Task requirements |
For each line in the data that includes "definition", make a copy.

Information supplied |
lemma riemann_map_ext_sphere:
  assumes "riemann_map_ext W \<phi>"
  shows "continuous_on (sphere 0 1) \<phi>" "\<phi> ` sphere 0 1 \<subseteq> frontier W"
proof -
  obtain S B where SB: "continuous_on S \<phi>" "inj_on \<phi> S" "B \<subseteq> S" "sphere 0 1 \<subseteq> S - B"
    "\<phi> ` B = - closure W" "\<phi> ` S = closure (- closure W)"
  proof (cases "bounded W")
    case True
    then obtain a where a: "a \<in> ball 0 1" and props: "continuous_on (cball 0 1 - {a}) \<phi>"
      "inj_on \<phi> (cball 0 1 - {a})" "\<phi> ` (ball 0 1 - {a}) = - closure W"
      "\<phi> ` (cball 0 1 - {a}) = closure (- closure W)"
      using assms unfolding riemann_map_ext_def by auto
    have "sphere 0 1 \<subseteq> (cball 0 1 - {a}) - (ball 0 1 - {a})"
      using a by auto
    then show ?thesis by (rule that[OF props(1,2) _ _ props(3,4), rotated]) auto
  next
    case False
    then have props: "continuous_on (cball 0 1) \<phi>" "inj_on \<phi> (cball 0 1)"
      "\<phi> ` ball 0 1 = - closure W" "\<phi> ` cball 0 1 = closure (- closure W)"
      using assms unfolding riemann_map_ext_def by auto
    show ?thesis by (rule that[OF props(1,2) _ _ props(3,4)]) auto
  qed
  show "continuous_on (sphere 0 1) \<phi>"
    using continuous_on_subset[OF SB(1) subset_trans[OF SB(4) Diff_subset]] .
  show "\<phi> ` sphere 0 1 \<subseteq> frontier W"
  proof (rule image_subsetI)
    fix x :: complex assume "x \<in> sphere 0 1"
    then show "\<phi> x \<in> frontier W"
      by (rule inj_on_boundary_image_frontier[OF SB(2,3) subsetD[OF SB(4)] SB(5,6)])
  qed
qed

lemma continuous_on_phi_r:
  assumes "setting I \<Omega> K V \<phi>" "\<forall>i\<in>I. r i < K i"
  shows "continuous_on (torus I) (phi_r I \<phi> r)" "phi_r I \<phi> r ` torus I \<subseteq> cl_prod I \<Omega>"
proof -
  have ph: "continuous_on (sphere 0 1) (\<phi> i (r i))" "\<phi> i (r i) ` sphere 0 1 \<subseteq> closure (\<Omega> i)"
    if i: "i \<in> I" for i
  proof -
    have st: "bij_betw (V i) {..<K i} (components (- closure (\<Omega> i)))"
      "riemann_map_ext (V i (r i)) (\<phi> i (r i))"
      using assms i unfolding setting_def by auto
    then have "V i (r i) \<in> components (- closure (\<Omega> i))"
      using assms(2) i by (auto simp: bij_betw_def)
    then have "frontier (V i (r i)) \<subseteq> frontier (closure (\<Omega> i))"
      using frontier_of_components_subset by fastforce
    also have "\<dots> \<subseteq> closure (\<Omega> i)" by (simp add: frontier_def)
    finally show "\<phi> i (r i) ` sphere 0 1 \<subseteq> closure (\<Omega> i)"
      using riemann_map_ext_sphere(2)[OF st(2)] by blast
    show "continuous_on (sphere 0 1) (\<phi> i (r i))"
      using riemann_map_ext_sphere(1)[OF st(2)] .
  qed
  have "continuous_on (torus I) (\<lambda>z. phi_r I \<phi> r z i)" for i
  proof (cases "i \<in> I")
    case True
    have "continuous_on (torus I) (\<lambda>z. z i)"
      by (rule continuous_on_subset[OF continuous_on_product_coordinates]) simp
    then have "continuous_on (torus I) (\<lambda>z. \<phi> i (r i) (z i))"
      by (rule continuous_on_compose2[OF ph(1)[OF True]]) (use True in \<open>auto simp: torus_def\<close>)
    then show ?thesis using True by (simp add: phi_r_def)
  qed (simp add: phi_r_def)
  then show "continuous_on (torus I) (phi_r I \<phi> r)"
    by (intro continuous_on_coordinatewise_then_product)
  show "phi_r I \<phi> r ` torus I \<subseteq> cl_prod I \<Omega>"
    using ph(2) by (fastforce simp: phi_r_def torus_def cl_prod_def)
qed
* * *
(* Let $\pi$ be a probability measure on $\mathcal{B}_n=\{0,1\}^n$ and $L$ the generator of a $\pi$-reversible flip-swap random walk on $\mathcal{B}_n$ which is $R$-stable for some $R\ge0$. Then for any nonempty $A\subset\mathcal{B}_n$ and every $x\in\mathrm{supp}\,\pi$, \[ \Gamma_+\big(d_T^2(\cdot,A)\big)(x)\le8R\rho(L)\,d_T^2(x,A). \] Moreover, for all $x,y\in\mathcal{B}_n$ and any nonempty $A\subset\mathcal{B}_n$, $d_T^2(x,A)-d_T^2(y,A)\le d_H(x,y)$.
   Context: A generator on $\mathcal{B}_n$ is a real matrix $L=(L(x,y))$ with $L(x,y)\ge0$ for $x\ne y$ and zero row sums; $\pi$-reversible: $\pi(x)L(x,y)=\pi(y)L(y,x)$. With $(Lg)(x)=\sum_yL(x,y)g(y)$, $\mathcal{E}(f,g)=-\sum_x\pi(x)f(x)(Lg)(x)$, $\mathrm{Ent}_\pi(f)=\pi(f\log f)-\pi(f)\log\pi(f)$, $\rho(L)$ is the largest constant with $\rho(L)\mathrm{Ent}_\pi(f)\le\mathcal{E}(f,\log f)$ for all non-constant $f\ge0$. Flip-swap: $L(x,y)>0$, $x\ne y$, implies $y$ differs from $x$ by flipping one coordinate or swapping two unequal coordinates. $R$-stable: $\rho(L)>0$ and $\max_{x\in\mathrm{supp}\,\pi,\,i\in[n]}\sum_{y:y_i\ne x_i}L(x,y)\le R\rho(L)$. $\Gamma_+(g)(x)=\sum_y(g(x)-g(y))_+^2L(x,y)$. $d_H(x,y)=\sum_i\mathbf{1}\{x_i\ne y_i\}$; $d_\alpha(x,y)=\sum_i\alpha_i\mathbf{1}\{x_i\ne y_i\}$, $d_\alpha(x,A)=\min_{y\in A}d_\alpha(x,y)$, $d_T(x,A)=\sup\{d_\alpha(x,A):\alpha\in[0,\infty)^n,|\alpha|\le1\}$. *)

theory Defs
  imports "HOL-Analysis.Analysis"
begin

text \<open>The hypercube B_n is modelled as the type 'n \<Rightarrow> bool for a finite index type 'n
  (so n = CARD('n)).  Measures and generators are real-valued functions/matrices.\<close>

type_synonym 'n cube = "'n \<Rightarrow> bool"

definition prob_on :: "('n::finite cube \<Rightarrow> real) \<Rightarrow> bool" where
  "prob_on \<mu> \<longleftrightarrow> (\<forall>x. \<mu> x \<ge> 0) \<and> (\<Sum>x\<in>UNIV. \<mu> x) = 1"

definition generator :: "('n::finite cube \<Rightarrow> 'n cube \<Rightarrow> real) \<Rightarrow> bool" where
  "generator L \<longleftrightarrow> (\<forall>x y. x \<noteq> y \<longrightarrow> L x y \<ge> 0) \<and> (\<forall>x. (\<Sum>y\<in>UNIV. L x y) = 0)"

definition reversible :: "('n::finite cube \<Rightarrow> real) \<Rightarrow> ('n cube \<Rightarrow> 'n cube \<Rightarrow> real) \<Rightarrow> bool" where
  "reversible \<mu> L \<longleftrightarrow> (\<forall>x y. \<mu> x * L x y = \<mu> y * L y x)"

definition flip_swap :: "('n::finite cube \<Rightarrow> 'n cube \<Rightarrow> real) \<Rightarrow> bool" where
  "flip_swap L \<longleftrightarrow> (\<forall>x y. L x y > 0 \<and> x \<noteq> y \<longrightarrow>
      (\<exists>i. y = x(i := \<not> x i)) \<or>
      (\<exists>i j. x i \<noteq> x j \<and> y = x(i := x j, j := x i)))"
* * *
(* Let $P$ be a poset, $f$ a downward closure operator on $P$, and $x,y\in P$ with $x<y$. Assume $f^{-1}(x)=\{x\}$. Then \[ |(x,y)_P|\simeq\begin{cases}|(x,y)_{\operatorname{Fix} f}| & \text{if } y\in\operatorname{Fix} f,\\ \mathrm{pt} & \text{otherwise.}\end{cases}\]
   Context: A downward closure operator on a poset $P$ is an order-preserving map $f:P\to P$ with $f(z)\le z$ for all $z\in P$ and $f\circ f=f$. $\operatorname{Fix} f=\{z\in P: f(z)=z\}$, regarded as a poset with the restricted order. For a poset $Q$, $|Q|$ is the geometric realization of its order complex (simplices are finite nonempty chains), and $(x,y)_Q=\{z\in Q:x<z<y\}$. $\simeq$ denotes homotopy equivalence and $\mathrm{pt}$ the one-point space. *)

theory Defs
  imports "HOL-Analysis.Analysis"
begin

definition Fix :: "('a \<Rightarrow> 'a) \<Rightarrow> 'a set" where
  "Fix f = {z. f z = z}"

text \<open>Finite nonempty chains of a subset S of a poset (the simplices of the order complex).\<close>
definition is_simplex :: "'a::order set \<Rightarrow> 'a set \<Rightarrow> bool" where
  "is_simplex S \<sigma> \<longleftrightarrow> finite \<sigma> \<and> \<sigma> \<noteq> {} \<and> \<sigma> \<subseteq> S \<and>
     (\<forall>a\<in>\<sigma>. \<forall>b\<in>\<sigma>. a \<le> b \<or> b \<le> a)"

Exercise answer |
definition prob_on :: "('n::finite cube \<Rightarrow> real) \<Rightarrow> bool" where
definition generator :: "('n::finite cube \<Rightarrow> 'n cube \<Rightarrow> real) \<Rightarrow> bool" where
definition reversible :: "('n::finite cube \<Rightarrow> real) \<Rightarrow> ('n cube \<Rightarrow> 'n cube \<Rightarrow> real) \<Rightarrow> bool" where
definition flip_swap :: "('n::finite cube \<Rightarrow> 'n cube \<Rightarrow> real) \<Rightarrow> bool" where
definition Fix :: "('a \<Rightarrow> 'a) \<Rightarrow> 'a set" where
definition is_simplex :: "'a::order set \<Rightarrow> 'a set \<Rightarrow> bool" where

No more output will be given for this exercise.